My 20’s have been a roller coaster. I’ve done more than I could have dreamed of by way of internal growth. I’ve accepted that I am in control of my life; I control my thoughts, I control my actions. This being said I can’t help but to feel a little inadequate in my achievements at 29. I do not have wild stories of travel, I am not married, I don’t own a home, I do not have children or a wonderful career. By today’s standards I am pretty undistinguished. But I don’t feel this way. I have worked so hard my whole life, I’m the real life version of the little train that could; I’ve consistently been a top performer at whatever I put my mind to.. my job, my studies, my volunteering. I’ve stayed out of trouble (for the most part) but that doesn’t always produce the desired result because we’re not all dealt the same hand.

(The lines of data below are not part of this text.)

theorem proposition35:
  fixes le :: "'a::comm_ring_1 \<Rightarrow> 'a \<Rightarrow> bool" and \<phi> :: "'a \<times> 'a \<Rightarrow> real"
  assumes "po_ring le" and "archimedean_po le" and "localizable le"
    and "\<phi> \<in> Kset le"
  shows "1 \<in> dom_hat le \<phi>
      \<and> (\<forall>a\<in>dom_hat le \<phi>. \<forall>b\<in>dom_hat le \<phi>.
            a + b \<in> dom_hat le \<phi> \<and> - a \<in> dom_hat le \<phi> \<and> a * b \<in> dom_hat le \<phi>)
      \<and> phi_hat le \<phi> 1 = 1
      \<and> (\<forall>a\<in>dom_hat le \<phi>. \<forall>b\<in>dom_hat le \<phi>.
            phi_hat le \<phi> (a + b) = phi_hat le \<phi> a + phi_hat le \<phi> b
          \<and> phi_hat le \<phi> (a * b) = phi_hat le \<phi> a * phi_hat le \<phi> b)
      \<and> (\<forall>a\<in>dom_hat le \<phi>. le 0 a \<longrightarrow> phi_hat le \<phi> a \<ge> 0)
      \<and> (\<forall>r s. s \<in> dom_hat le \<phi> \<inter> Loc le \<and> (r, s) \<in> bdloc le \<longrightarrow> r \<in> dom_hat le \<phi>)"
proof -
  interpret arch_loc_ring le using assms(1-3) by unfold_locales
  have dom: "dom_hat le \<phi> = {a. \<phi> \<in> hdom a}" and val: "phi_hat le \<phi> a = hval a \<phi>" for a
    unfolding dom_hat_def phi_hat_def by simp_all
  have one: "\<phi> \<in> hdom 1" "hval 1 \<phi> = 1" and minus_one: "\<phi> \<in> hdom (- 1)"
    using hat_of_int[of 1] hat_of_int[of "- 1"] assms(4) by auto
  have add: "\<phi> \<in> hdom (a + b)" "hval (a + b) \<phi> = hval a \<phi> + hval b \<phi>"
    and mult: "\<phi> \<in> hdom (a * b)" "hval (a * b) \<phi> = hval a \<phi> * hval b \<phi>"
    if "\<phi> \<in> hdom a" "\<phi> \<in> hdom b" for a b
    using hat_add[of a b] hat_mult[of a b] that by auto
  have neg: "\<phi> \<in> hdom (- a)" if "\<phi> \<in> hdom a" for a
    using mult(1)[OF minus_one that] by simp
  have nonneg: "hval a \<phi> \<ge> 0" if "\<phi> \<in> hdom a" "le 0 a" for a
    using hat_nonneg that by blast
  have dom_mono: "\<phi> \<in> hdom r" if "\<phi> \<in> hdom s" "(r, s) \<in> bdloc le" for r s
    using hdom_mono that by blast
  show ?thesis
    unfolding dom val using one add mult neg nonneg dom_mono by (intro conjI ballI allI impI) auto
qed
lemma nn_integral_mismatch:
  assumes K: "prob_space K" "sets K = sets borel"
    and p: "0 \<le> p" "p \<le> 1" and q: "0 \<le> q" "q \<le> 1"
  shows "(\<integral>\<^sup>+z. ennreal \<bar>fst z * fst (snd z) - Ifun e w s (fst z) (snd (snd z)) * fst (snd z)\<bar>
            \<partial>(bern p \<Otimes>\<^sub>M (K \<Otimes>\<^sub>M bern q)))
         = ennreal (mismatch e w s p q) * (\<integral>\<^sup>+d. ennreal \<bar>d\<bar> \<partial>K)"
proof -
  interpret K: prob_space K by fact
  interpret Bp: prob_space "bern p" by (rule prob_space_bern)
  interpret Bq: prob_space "bern q" by (rule prob_space_bern)
  have [measurable_cong]: "sets K = sets borel" by fact
  define c where "c j = \<bar>j - Ifun e w s j 1\<bar> * q + \<bar>j - Ifun e w s j 0\<bar> * (1 - q)" for j
  have c_nonneg: "0 \<le> c j" for j
    using q by (simp add: c_def)
  have inner: "(\<integral>\<^sup>+h. ennreal \<bar>j * d - Ifun e w s j h * d\<bar> \<partial>bern q) = ennreal \<bar>d\<bar> * ennreal (c j)"
    for j d
    unfolding c_def by (rule nn_integral_bern_abs_Ifun[OF q])
  have "(\<integral>\<^sup>+z. ennreal \<bar>fst z * fst (snd z) - Ifun e w s (fst z) (snd (snd z)) * fst (snd z)\<bar>
            \<partial>(bern p \<Otimes>\<^sub>M (K \<Otimes>\<^sub>M bern q)))
      = (\<integral>\<^sup>+j. \<integral>\<^sup>+y. ennreal \<bar>j * fst y - Ifun e w s j (snd y) * fst y\<bar>
            \<partial>(K \<Otimes>\<^sub>M bern q) \<partial>bern p)"
  proof -
    have "(\<lambda>z. ennreal \<bar>fst z * fst (snd z) - Ifun e w s (fst z) (snd (snd z)) * fst (snd z)\<bar>)
        \<in> borel_measurable (bern p \<Otimes>\<^sub>M (K \<Otimes>\<^sub>M bern q))"
      by measurable
    from sigma_finite_measure.nn_integral_fst[OF
        prob_space_imp_sigma_finite[OF prob_space_pair[OF K(1) prob_space_bern]] this]
    show ?thesis
      by (simp add: case_prod_beta)
  qed
  also have "\<dots> = (\<integral>\<^sup>+j. \<integral>\<^sup>+d. \<integral>\<^sup>+h. ennreal \<bar>j * d - Ifun e w s j h * d\<bar> \<partial>bern q \<partial>K \<partial>bern p)"
  proof (intro nn_integral_cong)
    fix j
    have "(\<lambda>y. ennreal \<bar>j * fst y - Ifun e w s j (snd y) * fst y\<bar>) \<in> borel_measurable (K \<Otimes>\<^sub>M bern q)"
      by measurable
    from sigma_finite_measure.nn_integral_fst[OF prob_space_imp_sigma_finite[OF prob_space_bern] this]
    show "(\<integral>\<^sup>+y. ennreal \<bar>j * fst y - Ifun e w s j (snd y) * fst y\<bar> \<partial>(K \<Otimes>\<^sub>M bern q))
       = (\<integral>\<^sup>+d. \<integral>\<^sup>+h. ennreal \<bar>j * d - Ifun e w s j h * d\<bar> \<partial>bern q \<partial>K)"
      by simp
  qed
  also have "\<dots> = (\<integral>\<^sup>+j. (\<integral>\<^sup>+d. ennreal \<bar>d\<bar> \<partial>K) * ennreal (c j) \<partial>bern p)"
    by (simp add: inner nn_integral_multc)
  also have "\<dots> = (\<integral>\<^sup>+d. ennreal \<bar>d\<bar> \<partial>K) * (ennreal (c 1) * ennreal p + ennreal (c 0) * ennreal (1 - p))"
    using p by (subst nn_integral_bern) (auto simp: c_def algebra_simps)
  also have "ennreal (c 1) * ennreal p + ennreal (c 0) * ennreal (1 - p) = ennreal (c 1 * p + c 0 * (1 - p))"
    using p c_nonneg by (simp add: ennreal_mult'')
  also have "c 1 * p + c 0 * (1 - p) = mismatch e w s p q"
    by (simp add: c_def mismatch_def algebra_simps)
  finally show ?thesis
    by (simp add: mult.commute)
qed

text \<open>The choice of \<open>Hpar\<close> makes \<open>Ifun e w s J H\<close> a \<open>Be (w / e)\<close> variable as long as \<open>w \<le> e\<close>;
  the mismatch is then the total variation distance between \<open>Be (w / s)\<close> and \<open>Be (w / e)\<close>.\<close>

lemma mismatch_coupling:
  assumes "0 < e" "0 \<le> w" "w \<le> s" "0 < s"
  shows "mismatch e w s (w / s) (Hpar e w s) = (if e < w then w / s else w * \<bar>s - e\<bar> / (s * e))"
proof (cases "e < w")
  case False
  then show ?thesis
  proof (cases "s \<le> e")
    case True
    have "mismatch e w s (w / s) (Hpar e w s) = w / s * (1 - s / e)"
      using True False by (simp add: mismatch_def Ifun_def Hpar_def)
    also have "\<dots> = w * \<bar>s - e\<bar> / (s * e)"
      using True assms by (simp add: field_simps)
    finally show ?thesis
      using False by simp
  next
    case s_gt: False
    have "mismatch e w s (w / s) (Hpar e w s) = (1 - w / s) * (w * (s - e) / (e * (s - w)))"
      using s_gt False by (simp add: mismatch_def Ifun_def Hpar_def)
    also have "\<dots> = w * \<bar>s - e\<bar> / (s * e)"
      using s_gt False assms by (simp add: field_simps)
    finally show ?thesis
      using False by simp
  qed
qed (simp add: mismatch_def Ifun_def Hpar_def)

text \<open>Here \<open>s = w + W0 + T\<close> and \<open>e = a + mu + mu0\<close>, where \<open>T\<close> (the sum of \<open>W_1, \<dots>, W_(k-1)\<close>) has
  mean \<open>a\<close>. Off the event \<open>T < e / 2\<close> the denominator \<open>s * e\<close> is at least \<open>e\<^sup>2 / 2\<close>, and
  \<open>2 \<bar>T - a\<bar>\<close> is split as \<open>(T - a)\<^sup>2 / sqrt e + sqrt e\<close>.\<close>

lemma mismatch_coupling_le:
  fixes e w W0 T a mu mu0 :: real
  assumes e: "e = a + mu + mu0" "0 < e"
    and nonneg: "0 \<le> w" "0 < W0" "0 \<le> T" "0 \<le> mu" "0 \<le> mu0" "0 \<le> a"
  defines "s \<equiv> w + W0 + T"
  shows "mismatch e w s (w / s) (Hpar e w s) \<le>
     (3 * w\<^sup>2 + 2 * mu * w + 2 * w * (W0 + mu0) + w * ((T - a)\<^sup>2 / sqrt e + sqrt e)) / e\<^sup>2
     + (if T < e / 2 then 1 else 0)"
    (is "_ \<le> ?R / e\<^sup>2 + _")
proof -
  have s: "0 < s" "w \<le> s"
    using nonneg by (auto simp: s_def)
  have R_nonneg: "0 \<le> ?R / e\<^sup>2"
    using nonneg e by (intro divide_nonneg_nonneg add_nonneg_nonneg mult_nonneg_nonneg) auto
  have ge: "mismatch e w s (w / s) (Hpar e w s) \<le> ?R / e\<^sup>2" if "e / 2 \<le> s" "w \<le> e"
  proof -
    have "mismatch e w s (w / s) (Hpar e w s) = w * \<bar>s - e\<bar> / (s * e)"
      using mismatch_coupling[OF e(2) nonneg(1) s(2,1)] that by simp
    also have "\<dots> \<le> w * \<bar>s - e\<bar> / (e / 2 * e)"
      using that e nonneg by (intro divide_left_mono mult_right_mono mult_nonneg_nonneg) auto
    also have "\<dots> = 2 * w * \<bar>s - e\<bar> / e\<^sup>2"
      by (simp add: power2_eq_square)
    also have "2 * w * \<bar>s - e\<bar> \<le> 2 * w * (\<bar>T - a\<bar> + W0 + mu0 + w + mu)"
      using nonneg unfolding s_def e(1) by (intro mult_left_mono) auto
    also have "\<dots> = w * (2 * \<bar>T - a\<bar>) + 2 * w * (W0 + mu0) + 2 * w\<^sup>2 + 2 * mu * w"
      by (simp add: power2_eq_square algebra_simps)
    also have "\<dots> \<le> w * ((T - a)\<^sup>2 / sqrt e + sqrt e) + 2 * w * (W0 + mu0) + 2 * w\<^sup>2 + 2 * mu * w"
      using two_abs_le[of "sqrt e" "T - a"] e nonneg by (simp add: mult_left_mono)
    also have "\<dots> \<le> ?R"
      by simp
    finally show ?thesis
      using e by (simp add: divide_right_mono)
  qed
  show ?thesis
  proof (cases "e < w")
    case True
    have "mismatch e w s (w / s) (Hpar e w s) \<le> 1"
      using mismatch_coupling[OF e(2) nonneg(1) s(2,1)] True s by simp
    also have "1 \<le> w\<^sup>2 / e\<^sup>2"
      using True e by (simp add: power_mono)
    also have "\<dots> \<le> ?R / e\<^sup>2"
      using nonneg e by (intro divide_right_mono) auto
    finally show ?thesis
      by simp
  next
    case False
    show ?thesis
    proof (cases "s < e / 2")
      case True
      have "mismatch e w s (w / s) (Hpar e w s) = (w / s) * (\<bar>s - e\<bar> / e)"
        using mismatch_coupling[OF e(2) nonneg(1) s(2,1)] False by simp
      also have "\<dots> \<le> 1 * 1"
        using s True e by (intro mult_mono) auto
      moreover have "T < e / 2"
        using True nonneg by (simp add: s_def)
      ultimately show ?thesis
        using R_nonneg by simp
    qed (use ge False R_nonneg in auto)
  qed
qed

section \<open>The block model\<close>

locale block_model = prob_space M for M :: "'a measure" +
  fixes N :: "'b measure"
    and B :: "nat \<Rightarrow> 'a \<Rightarrow> 'b"
    and w :: "'b \<Rightarrow> real"
    and \<kappa> :: "'b \<Rightarrow> real measure"
    and J D H :: "nat \<Rightarrow> nat \<Rightarrow> 'a \<Rightarrow> real"
  assumes B_meas [measurable]: "\<And>k. B k \<in> measurable M N"
    and B_indep: "indep_vars (\<lambda>_. N) B UNIV"
    and B_ident: "\<And>k. k \<ge> 1 \<Longrightarrow> distr M N (B k) = distr M N (B 1)"
    and w_meas [measurable]: "w \<in> borel_measurable N"
    and w_nonneg: "\<And>b. b \<in> space N \<Longrightarrow> w b \<ge> 0"
    and W0_pos: "\<And>x. x \<in> space M \<Longrightarrow> w (B 0 x) > 0"
    and kappa_meas [measurable]: "\<kappa> \<in> measurable N (prob_algebra borel)"
    and EW_pos: "expectation (\<lambda>x. w (B 1 x)) > 0"
    and EW0_fin: "integrable M (\<lambda>x. w (B 0 x))"
    and mom_W2: "integrable (bind (distr M N (B 1)) (\<lambda>b. distr (\<kappa> b) (borel \<Otimes>\<^sub>M borel) (\<lambda>d. (w b, d))))
                  (\<lambda>(a, d). a\<^sup>2)"
    and mom_WD2: "integrable (bind (distr M N (B 1)) (\<lambda>b. distr (\<kappa> b) (borel \<Otimes>\<^sub>M borel) (\<lambda>d. (w b, d))))
                  (\<lambda>(a, d). (a * d)\<^sup>2)"
    and mom_D2: "integrable (bind (distr M N (B 1)) (\<lambda>b. distr (\<kappa> b) (borel \<Otimes>\<^sub>M borel) (\<lambda>d. (w b, d))))
                  (\<lambda>(a, d). d\<^sup>2)"
    and J_meas [measurable]: "\<And>n k. J n k \<in> borel_measurable M"
    and D_meas [measurable]: "\<And>n k. D n k \<in> borel_measurable M"
    and H_meas [measurable]: "\<And>n k. H n k \<in> borel_measurable M"
    and joint: "\<And>n. distr M
        ((\<Pi>\<^sub>M i\<in>UNIV. N) \<Otimes>\<^sub>M (\<Pi>\<^sub>M k\<in>{0..<n}. borel \<Otimes>\<^sub>M (borel \<Otimes>\<^sub>M borel)))
        (\<lambda>x. ((\<lambda>i. B i x), (\<lambda>k\<in>{0..<n}. (J n k x, D n k x, H n k x))))
      = bind (distr M (\<Pi>\<^sub>M i\<in>UNIV. N) (\<lambda>x i. B i x))
          (\<lambda>b. distr (\<Pi>\<^sub>M k\<in>{0..<n}. triple_law w \<kappa>
                         (real k * expectation (\<lambda>x. w (B 1 x))
                            + expectation (\<lambda>x. w (B 0 x))) b k)
                  ((\<Pi>\<^sub>M i\<in>UNIV. N) \<Otimes>\<^sub>M (\<Pi>\<^sub>M k\<in>{0..<n}. borel \<Otimes>\<^sub>M (borel \<Otimes>\<^sub>M borel)))
                  (\<lambda>t. (b, t)))"
begin

definition "mu = expectation (\<lambda>x. w (B 1 x))"
definition "mu0 = expectation (\<lambda>x. w (B 0 x))"
definition "ES k = real k * mu + mu0"
definition "abs_mean b = (\<integral>\<^sup>+d. ennreal \<bar>d\<bar> \<partial>\<kappa> b)"
definition "Y_minus_X n k x =
  J n k x * D n k x - Ifun (ES k) (w (B k x)) (\<Sum>i\<le>k. w (B i x)) (J n k x) (H n k x) * D n k x"

lemma mu_pos: "0 < mu"
  using EW_pos by (simp add: mu_def)

lemma mu0_pos: "0 < mu0"
proof -
  have "0 \<le> mu0"
    unfolding mu0_def using W0_pos by (intro integral_nonneg_AE) (auto intro: less_imp_le)
  moreover have "mu0 \<noteq> 0"
  proof
    assume "mu0 = 0"
    then have "AE x in M. w (B 0 x) = 0"
      unfolding mu0_def using W0_pos EW0_fin
      by (subst integral_nonneg_eq_0_iff_AE[symmetric]) (auto intro: less_imp_le)
    moreover have "AE x in M. w (B 0 x) \<noteq> 0"
      using W0_pos by (intro AE_I2) (metis less_irrefl)
    ultimately show False
      by (rule AE_contr)
  qed
  ultimately show ?thesis
    by simp
qed

lemma ES_pos: "0 < ES k"
  using mu_pos mu0_pos by (simp add: ES_def add_nonneg_pos)

lemma prob_space_kappa: "b \<in> space N \<Longrightarrow> prob_space (\<kappa> b)"
  and sets_kappa: "b \<in> space N \<Longrightarrow> sets (\<kappa> b) = sets borel"
  using measurable_space[OF kappa_meas] by (auto simp: space_prob_algebra)

lemma measurable_nn_integral_kappa:
  assumes [measurable]: "(\<lambda>(b, d). f b d) \<in> borel_measurable (N \<Otimes>\<^sub>M borel)"
  shows "(\<lambda>b. \<integral>\<^sup>+d. f b d \<partial>\<kappa> b) \<in> borel_measurable N"
  by (rule nn_integral_measurable_subprob_algebra2[where N=borel])
    (auto intro: measurable_prob_algebraD[OF kappa_meas])

lemma abs_mean_measurable [measurable]: "abs_mean \<in> borel_measurable N"
  unfolding abs_mean_def by (rule measurable_nn_integral_kappa) measurable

I have been provided with a body full of opportunities beginning with the delayed diagnosis of a learning disability, progressing in to hypothyroidism compounded with anxiety and I am now being tested for adrenal fatigue among other possibilities. I have been struggling with my health for the better part of a decade and I’m here to publish my story in hopes that I can give hope to others going through something similar. Deep down I hope that this story of mine catches on and that it inspires our young doctors to question why they are not being taught more about the thyroid and adrenal glands. To inspire our researchers to put time, money and effort into something that has been recognised by other first world countries as a treatable illness. I question why something so vital is provided so little consideration by our health services? I may look healthy and through standard medical testing they cannot diagnose me, but they have acknowledging my symptoms as real and have tried to treat me with the little knowledge they have. The struggle and pain I go through almost every day is incomprehensible yet without spending a small fortune for a private doctor (whom I adore) there was no hope for healing. I’m lucky to have found her and to be able to afford her premium. But the fear behind the pain, the confusion, the hopelessness that I have felt deserves attention because I’m confident that I am not the only one going through this. And so here I am ready to share with you my intimate journey with hypothyroidism and the possibility of adrenal fatigue.